## Task item
Your task is to repeat exactly the lines below between the line holding "S \<subseteq> X \<and> (\<forall>U" and the line holding "with H a have", inclusive, and only those.

[Dataset entries]

-.-.-

(* (Pasting Lemma in $\mathsf{PsTop}$.) Let $X$ be a pseudotopological space and let $\{X_j\}_{j\in J}$ be a cover of $X$ such that either (1) every $X_j$ is open in the topological space $RX$, or (2) every $X_j$ is closed in $RX$ and the family $\{X_j\}_{j\in J}$ is locally finite in $RX$ (every point has a neighbourhood in $RX$ meeting only finitely many $X_j$). Let $Y$ be a pseudotopological space and $f\colon X\to Y$ a function such that each restriction $f_j=f|_{X_j}\colon X_j\to Y$ is continuous, where $X_j$ carries the subspace pseudotopology. Then $f$ is continuous.
   Context: For a set $X$, $U(X)$ denotes the set of ultrafilters on $X$ and $\dot x$ the principal ultrafilter at $x\in X$. For a map $f\colon X\to Y$ and a filter $\mathscr F$ on $X$, $f_*\mathscr F=\{S\subset Y: f^{-1}(S)\in\mathscr F\}$ (an ultrafilter if $\mathscr F$ is). A pseudotopological structure on a set $X$ is a relation $u\subset U(X)\times X$ with $(\dot x,x)\in u$ for all $x\in X$; one writes $\mathscr U\to x$ for $(\mathscr U,x)\in u$, and $(X,u)$ is called a pseudotopological space. A map $f$ between pseudotopological spaces is continuous if $\mathscr U\to x$ implies $f_*\mathscr U\to f(x)$. For a subset $A\subset X$ with inclusion $i$, the subspace pseudotopology on $A$ is: $\mathscr U\to a$ in $A$ iff $i_*\mathscr U\to a$ in $X$. For a pseudotopological space $X$, $RX$ is the topological space with the same underlying set in which a set $S$ is open iff $S\in\mathscr U$ whenever $\mathscr U\to x$ with $x\in S$. *)

theory Defs
  imports "HOL-Analysis.Analysis"
begin

definition ultrafilter_on :: "'a set \<Rightarrow> 'a set set \<Rightarrow> bool" where
  "ultrafilter_on X U \<longleftrightarrow>
     U \<subseteq> Pow X \<and> X \<in> U \<and> {} \<notin> U \<and>
     (\<forall>A B. A \<in> U \<and> B \<in> U \<longrightarrow> A \<inter> B \<in> U) \<and>
     (\<forall>A B. A \<in> U \<and> A \<subseteq> B \<and> B \<subseteq> X \<longrightarrow> B \<in> U) \<and>
     (\<forall>A. A \<subseteq> X \<longrightarrow> A \<in> U \<or> X - A \<in> U)"

definition principal_uf :: "'a set \<Rightarrow> 'a \<Rightarrow> 'a set set" where
  "principal_uf X x = {S. S \<subseteq> X \<and> x \<in> S}"

definition pushf :: "'a set \<Rightarrow> 'b set \<Rightarrow> ('a \<Rightarrow> 'b) \<Rightarrow> 'a set set \<Rightarrow> 'b set set" where
  "pushf X Y f U = {S. S \<subseteq> Y \<and> {x \<in> X. f x \<in> S} \<in> U}"

definition pseudotop :: "'a set \<Rightarrow> ('a set set \<times> 'a) set \<Rightarrow> bool" where
  "pseudotop X u \<longleftrightarrow>
     (\<forall>(U, x) \<in> u. ultrafilter_on X U \<and> x \<in> X) \<and>
     (\<forall>x \<in> X. (principal_uf X x, x) \<in> u)"

definition ps_continuous ::
  "'a set \<Rightarrow> ('a set set \<times> 'a) set \<Rightarrow> 'b set \<Rightarrow> ('b set set \<times> 'b) set \<Rightarrow> ('a \<Rightarrow> 'b) \<Rightarrow> bool" where
  "ps_continuous X u Y v f \<longleftrightarrow>
     f ` X \<subseteq> Y \<and> (\<forall>U x. (U, x) \<in> u \<longrightarrow> (pushf X Y f U, f x) \<in> v)"

definition subspace_ps :: "'a set \<Rightarrow> ('a set set \<times> 'a) set \<Rightarrow> 'a set \<Rightarrow> ('a set set \<times> 'a) set" where
  "subspace_ps X u A =
     {(U, a). ultrafilter_on A U \<and> a \<in> A \<and> (pushf A X (\<lambda>y. y) U, a) \<in> u}"

definition R_open :: "'a set \<Rightarrow> ('a set set \<times> 'a) set \<Rightarrow> 'a set \<Rightarrow> bool" where
  "R_open X u S \<longleftrightarrow>
     S \<subseteq> X \<and> (\<forall>U x. (U, x) \<in> u \<and> ultrafilter_on X U \<and> x \<in> S \<longrightarrow> S \<in> U)"

lemma istopology_R_open: "istopology (R_open X u)"
proof -
  have inter: "R_open X u (S \<inter> T)" if "R_open X u S" "R_open X u T" for S T
    using that unfolding R_open_def ultrafilter_on_def by blast
  have union: "R_open X u (\<Union>K)" if H: "\<forall>S\<in>K. R_open X u S" for K
    unfolding R_open_def
  proof (intro conjI allI impI)
    show "\<Union>K \<subseteq> X" using H unfolding R_open_def by blast
  next
    fix U x assume a: "(U, x) \<in> u \<and> ultrafilter_on X U \<and> x \<in> \<Union>K"
    then obtain S where S: "S \<in> K" "x \<in> S" by blast
    with H a have "S \<in> U" unfolding R_open_def by blast
    moreover have "S \<subseteq> \<Union>K" "\<Union>K \<subseteq> X" using S H unfolding R_open_def by blast+
    ultimately show "\<Union>K \<in> U" using a unfolding ultrafilter_on_def by blast
  qed
  show ?thesis unfolding istopology_def using inter union by blast
qed

definition RX :: "'a set \<Rightarrow> ('a set set \<times> 'a) set \<Rightarrow> 'a topology" where
  "RX X u = topology (R_open X u)"

lemma openin_RX: "openin (RX X u) S \<longleftrightarrow> R_open X u S"
  unfolding RX_def using istopology_R_open by (simp add: istopology_R_open)

definition locally_finite_family :: "'a topology \<Rightarrow> 'i set \<Rightarrow> ('i \<Rightarrow> 'a set) \<Rightarrow> bool" where
  "locally_finite_family T J A \<longleftrightarrow>
     (\<forall>x \<in> topspace T. \<exists>N. x \<in> N \<and> (\<exists>W. openin T W \<and> x \<in> W \<and> W \<subseteq> N) \<and>
        finite {j \<in> J. A j \<inter> N \<noteq> {}})"

end

theory Submission
  imports Defs
begin

text \<open>Every convergent ultrafilter contains a member of the cover that contains its limit.
  For an open cover this member is any one containing the limit. In the locally finite closed
  case, the ultrafilter contains a neighbourhood of the limit meeting only finitely many members,
  hence one of these, and a closed set belonging to an ultrafilter contains all its limits.
  The trace of the ultrafilter on that member converges in the subspace and has the same image
  under f.\<close>

lemma
  assumes "ultrafilter_on X U"
  shows ultrafilter_on_Pow: "U \<subseteq> Pow X"
    and ultrafilter_on_top: "X \<in> U"
    and ultrafilter_on_empty: "{} \<notin> U"
    and ultrafilter_on_Int: "A \<in> U \<Longrightarrow> B \<in> U \<Longrightarrow> A \<inter> B \<in> U"
    and ultrafilter_on_mono: "A \<in> U \<Longrightarrow> A \<subseteq> B \<Longrightarrow> B \<subseteq> X \<Longrightarrow> B \<in> U"
    and ultrafilter_on_compl: "A \<subseteq> X \<Longrightarrow> A \<notin> U \<Longrightarrow> X - A \<in> U"
  using assms unfolding ultrafilter_on_def by (simp_all, blast)

lemma ultrafilter_on_subset: "ultrafilter_on X U \<Longrightarrow> S \<in> U \<Longrightarrow> S \<subseteq> X"
  using ultrafilter_on_Pow by blast

lemma ultrafilter_on_disjoint: "ultrafilter_on X U \<Longrightarrow> A \<in> U \<Longrightarrow> B \<in> U \<Longrightarrow> A \<inter> B \<noteq> {}"
  using ultrafilter_on_Int ultrafilter_on_empty by metis

lemma ultrafilter_on_Un:
  assumes uf: "ultrafilter_on X U" and "A \<union> B \<in> U" "A \<subseteq> X" "B \<subseteq> X" "A \<notin> U"
  shows "B \<in> U"
proof -
  have "(A \<union> B) \<inter> (X - A) \<in> U"
    using ultrafilter_on_Int[OF uf] ultrafilter_on_compl[OF uf] assms(2-) by blast
  moreover have "(A \<union> B) \<inter> (X - A) \<subseteq> B" by blast
  ultimately show ?thesis using ultrafilter_on_mono[OF uf] \<open>B \<subseteq> X\<close> by blast
qed

lemma ultrafilter_on_UN_finite:
  assumes uf: "ultrafilter_on X U" and "finite F"
    and "(\<Union>j\<in>F. A j) \<in> U" and "\<forall>j\<in>F. A j \<subseteq> X"
  shows "\<exists>j\<in>F. A j \<in> U"
  using assms(2-)
proof (induction F rule: finite_induct)
  case empty
  then show ?case using ultrafilter_on_empty[OF uf] by simp
next
  case (insert k F)
  then show ?case using ultrafilter_on_Un[OF uf, of "A k" "\<Union>j\<in>F. A j"] by auto
qed

lemma ultrafilter_on_trace:
  assumes uf: "ultrafilter_on X U" and A: "A \<in> U"
  shows "ultrafilter_on A (Pow A \<inter> U)"
  unfolding ultrafilter_on_def
proof (intro conjI allI impI)
  have "A \<subseteq> X" using ultrafilter_on_subset[OF uf A] .
  fix S assume "S \<subseteq> A"
  show "S \<in> Pow A \<inter> U \<or> A - S \<in> Pow A \<inter> U"
  proof (cases "S \<in> U")
    case False
    then have "(X - S) \<inter> A \<in> U"
      using ultrafilter_on_Int[OF uf _ A] ultrafilter_on_compl[OF uf] \<open>S \<subseteq> A\<close> \<open>A \<subseteq> X\<close> by blast
    moreover have "(X - S) \<inter> A = A - S" using \<open>A \<subseteq> X\<close> by blast
    ultimately show ?thesis by simp
  qed (use \<open>S \<subseteq> A\<close> in simp)
qed (use A ultrafilter_on_empty[OF uf] ultrafilter_on_Int[OF uf] ultrafilter_on_mono[OF uf]
  ultrafilter_on_subset[OF uf A] in auto)

lemma pushf_trace:
  assumes uf: "ultrafilter_on X U" and A: "A \<in> U"
  shows "pushf A Y f (Pow A \<inter> U) = pushf X Y f U"
proof -
  have "A \<subseteq> X" using ultrafilter_on_subset[OF uf A] .
  have "{y \<in> A. f y \<in> S} \<in> U \<longleftrightarrow> {y \<in> X. f y \<in> S} \<in> U" for S
  proof
    assume "{y \<in> A. f y \<in> S} \<in> U"
    moreover have "{y \<in> A. f y \<in> S} \<subseteq> {y \<in> X. f y \<in> S}" using \<open>A \<subseteq> X\<close> by blast
    ultimately show "{y \<in> X. f y \<in> S} \<in> U" using ultrafilter_on_mono[OF uf] by blast
  next
    assume "{y \<in> X. f y \<in> S} \<in> U"
    then have "{y \<in> X. f y \<in> S} \<inter> A \<in> U" using ultrafilter_on_Int[OF uf _ A] by blast
    moreover have "{y \<in> X. f y \<in> S} \<inter> A = {y \<in> A. f y \<in> S}" using \<open>A \<subseteq> X\<close> by blast
    ultimately show "{y \<in> A. f y \<in> S} \<in> U" by simp
  qed
  then show ?thesis unfolding pushf_def by auto
qed

lemma pushf_id:
  assumes uf: "ultrafilter_on X U"
  shows "pushf X X (\<lambda>y. y) U = U"
proof (intro set_eqI iffI)
  fix S assume "S \<in> pushf X X (\<lambda>y. y) U"
  then have "S \<subseteq> X" "{y \<in> X. y \<in> S} \<in> U" unfolding pushf_def by auto
  moreover have "{y \<in> X. y \<in> S} = S" using \<open>S \<subseteq> X\<close> by blast
  ultimately show "S \<in> U" by simp
next
  fix S assume "S \<in> U"
  moreover have "S \<subseteq> X" using ultrafilter_on_subset[OF uf \<open>S \<in> U\<close>] .
  moreover have "{y \<in> X. y \<in> S} = S" using \<open>S \<subseteq> X\<close> by blast
  ultimately show "S \<in> pushf X X (\<lambda>y. y) U" unfolding pushf_def by simp
qed

lemma
  assumes "pseudotop X u" "(U, x) \<in> u"
  shows pseudotop_ultrafilter_on: "ultrafilter_on X U" and pseudotop_limit_in: "x \<in> X"
  using assms unfolding pseudotop_def by fast+

lemma trace_in_subspace_ps:
  assumes ps: "pseudotop X u" and Ux: "(U, x) \<in> u" and "A \<in> U" "x \<in> A"
  shows "(Pow A \<inter> U, x) \<in> subspace_ps X u A"
proof -
  note uf = pseudotop_ultrafilter_on[OF ps Ux]
  have "pushf A X (\<lambda>y. y) (Pow A \<inter> U) = U"
    using pushf_trace[OF uf \<open>A \<in> U\<close>] pushf_id[OF uf] by (rule trans)
  with ultrafilter_on_trace[OF uf \<open>A \<in> U\<close>] Ux \<open>x \<in> A\<close> show ?thesis
    unfolding subspace_ps_def by simp
qed

lemma topspace_RX: "topspace (RX X u) = X"
  unfolding topspace_def openin_RX
proof (rule antisym)
  show "\<Union>{S. R_open X u S} \<subseteq> X" by (rule Sup_least) (simp add: R_open_def)
  show "X \<subseteq> \<Union>{S. R_open X u S}" by (rule Union_upper) (auto simp: R_open_def ultrafilter_on_top)
qed

lemma openin_RX_in_ultrafilter:
  assumes "pseudotop X u" "(U, x) \<in> u" "openin (RX X u) S" "x \<in> S"
  shows "S \<in> U"
  using assms pseudotop_ultrafilter_on[OF assms(1,2)] unfolding openin_RX R_open_def by blast

lemma closedin_RX_limit:
  assumes ps: "pseudotop X u" and Ux: "(U, x) \<in> u" and "closedin (RX X u) C" "C \<in> U"
  shows "x \<in> C"
proof (rule ccontr)
  assume "x \<notin> C"
  have "openin (RX X u) (X - C)" using \<open>closedin (RX X u) C\<close> unfolding closedin_def topspace_RX by simp
  then have "X - C \<in> U"
    using openin_RX_in_ultrafilter[OF ps Ux] pseudotop_limit_in[OF ps Ux] \<open>x \<notin> C\<close> by simp
  then show False using ultrafilter_on_disjoint[OF pseudotop_ultrafilter_on[OF ps Ux] _ \<open>C \<in> U\<close>] by blast
qed

lemma locally_finite_family_in_ultrafilter:
  assumes ps: "pseudotop X u" and Ux: "(U, x) \<in> u"
    and cover: "(\<Union>j\<in>J. A j) = X" and lf: "locally_finite_family (RX X u) J A"
  shows "\<exists>j\<in>J. A j \<in> U"
proof -
  note uf = pseudotop_ultrafilter_on[OF ps Ux]
  obtain N W where "openin (RX X u) W" "x \<in> W" "W \<subseteq> N"
      and fin: "finite {j \<in> J. A j \<inter> N \<noteq> {}}"
    using lf pseudotop_limit_in[OF ps Ux] unfolding locally_finite_family_def topspace_RX by blast
  then have "W \<in> U" using openin_RX_in_ultrafilter[OF ps Ux] by blast
  have "W \<subseteq> X" using ultrafilter_on_subset[OF uf \<open>W \<in> U\<close>] .
  have "(\<Union>j\<in>{j \<in> J. A j \<inter> N \<noteq> {}}. A j \<inter> W) = W"
    using \<open>W \<subseteq> X\<close> cover \<open>W \<subseteq> N\<close> by blast
  then obtain j where "j \<in> J" "A j \<inter> W \<in> U"
    using ultrafilter_on_UN_finite[OF uf fin, of "\<lambda>j. A j \<inter> W"] \<open>W \<in> U\<close> \<open>W \<subseteq> X\<close> by auto
  moreover have "A j \<subseteq> X" using cover \<open>j \<in> J\<close> by blast
  ultimately show ?thesis using ultrafilter_on_mono[OF uf, of "A j \<inter> W" "A j"] by blast
qed

lemma ps_continuous_if_locally_continuous:
  assumes ps: "pseudotop X u" and cover: "(\<Union>j\<in>J. A j) = X"
    and local: "\<And>U x. (U, x) \<in> u \<Longrightarrow> \<exists>j\<in>J. x \<in> A j \<and> A j \<in> U"
    and cont: "\<forall>j\<in>J. ps_continuous (A j) (subspace_ps X u (A j)) Y v f"
  shows "ps_continuous X u Y v f"
  unfolding ps_continuous_def
proof (intro conjI allI impI)
  show "f ` X \<subseteq> Y" using cont cover unfolding ps_continuous_def by blast
next
  fix U x assume Ux: "(U, x) \<in> u"
  then obtain j where j: "j \<in> J" "x \<in> A j" "A j \<in> U" using local by blast
  have "(pushf (A j) Y f (Pow (A j) \<inter> U), f x) \<in> v"
    using trace_in_subspace_ps[OF ps Ux j(3,2)] cont j(1) unfolding ps_continuous_def by blast
  then show "(pushf X Y f U, f x) \<in> v"
    using pushf_trace[OF pseudotop_ultrafilter_on[OF ps Ux] j(3), of Y f] by simp
qed

theorem lemma3p2:
  fixes X :: "'a set" and u :: "('a set set \<times> 'a) set"
    and Y :: "'b set" and v :: "('b set set \<times> 'b) set"
    and J :: "'i set" and XJ :: "'i \<Rightarrow> 'a set"
    and f :: "'a \<Rightarrow> 'b"
  assumes psX: "pseudotop X u"
    and psY: "pseudotop Y v"
    and cover: "(\<Union>j\<in>J. XJ j) = X"
    and cases: "(\<forall>j\<in>J. openin (RX X u) (XJ j)) \<or>
                ((\<forall>j\<in>J. closedin (RX X u) (XJ j)) \<and> locally_finite_family (RX X u) J XJ)"
    and cont: "\<forall>j\<in>J. ps_continuous (XJ j) (subspace_ps X u (XJ j)) Y v f"
  shows "ps_continuous X u Y v f"
proof (rule ps_continuous_if_locally_continuous[OF psX cover _ cont])
  fix U x assume Ux: "(U, x) \<in> u"
  from cases show "\<exists>j\<in>J. x \<in> XJ j \<and> XJ j \<in> U"
  proof
    assume "\<forall>j\<in>J. openin (RX X u) (XJ j)"
    moreover obtain j where "j \<in> J" "x \<in> XJ j"
      using pseudotop_limit_in[OF psX Ux] cover by blast
    ultimately show ?thesis using openin_RX_in_ultrafilter[OF psX Ux] by blast
  next
    assume closed: "(\<forall>j\<in>J. closedin (RX X u) (XJ j)) \<and> locally_finite_family (RX X u) J XJ"
    then obtain j where "j \<in> J" "XJ j \<in> U"
      using locally_finite_family_in_ultrafilter[OF psX Ux cover] by blast
    then show ?thesis using closedin_RX_limit[OF psX Ux] closed by blast
  qed
qed
end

-.-.-

## Response to this task
     S \<subseteq> X \<and> (\<forall>U x. (U, x) \<in> u \<and> ultrafilter_on X U \<and> x \<in> S \<longrightarrow> S \<in> U)"

lemma istopology_R_open: "istopology (R_open X u)"
proof -
  have inter: "R_open X u (S \<inter> T)" if "R_open X u S" "R_open X u T" for S T
    using that unfolding R_open_def ultrafilter_on_def by blast
  have union: "R_open X u (\<Union>K)" if H: "\<forall>S\<in>K. R_open X u S" for K
    unfolding R_open_def
  proof (intro conjI allI impI)
    show "\<Union>K \<subseteq> X" using H unfolding R_open_def by blast
  next
    fix U x assume a: "(U, x) \<in> u \<and> ultrafilter_on X U \<and> x \<in> \<Union>K"
    then obtain S where S: "S \<in> K" "x \<in> S" by blast
    with H a have "S \<in> U" unfolding R_open_def by blast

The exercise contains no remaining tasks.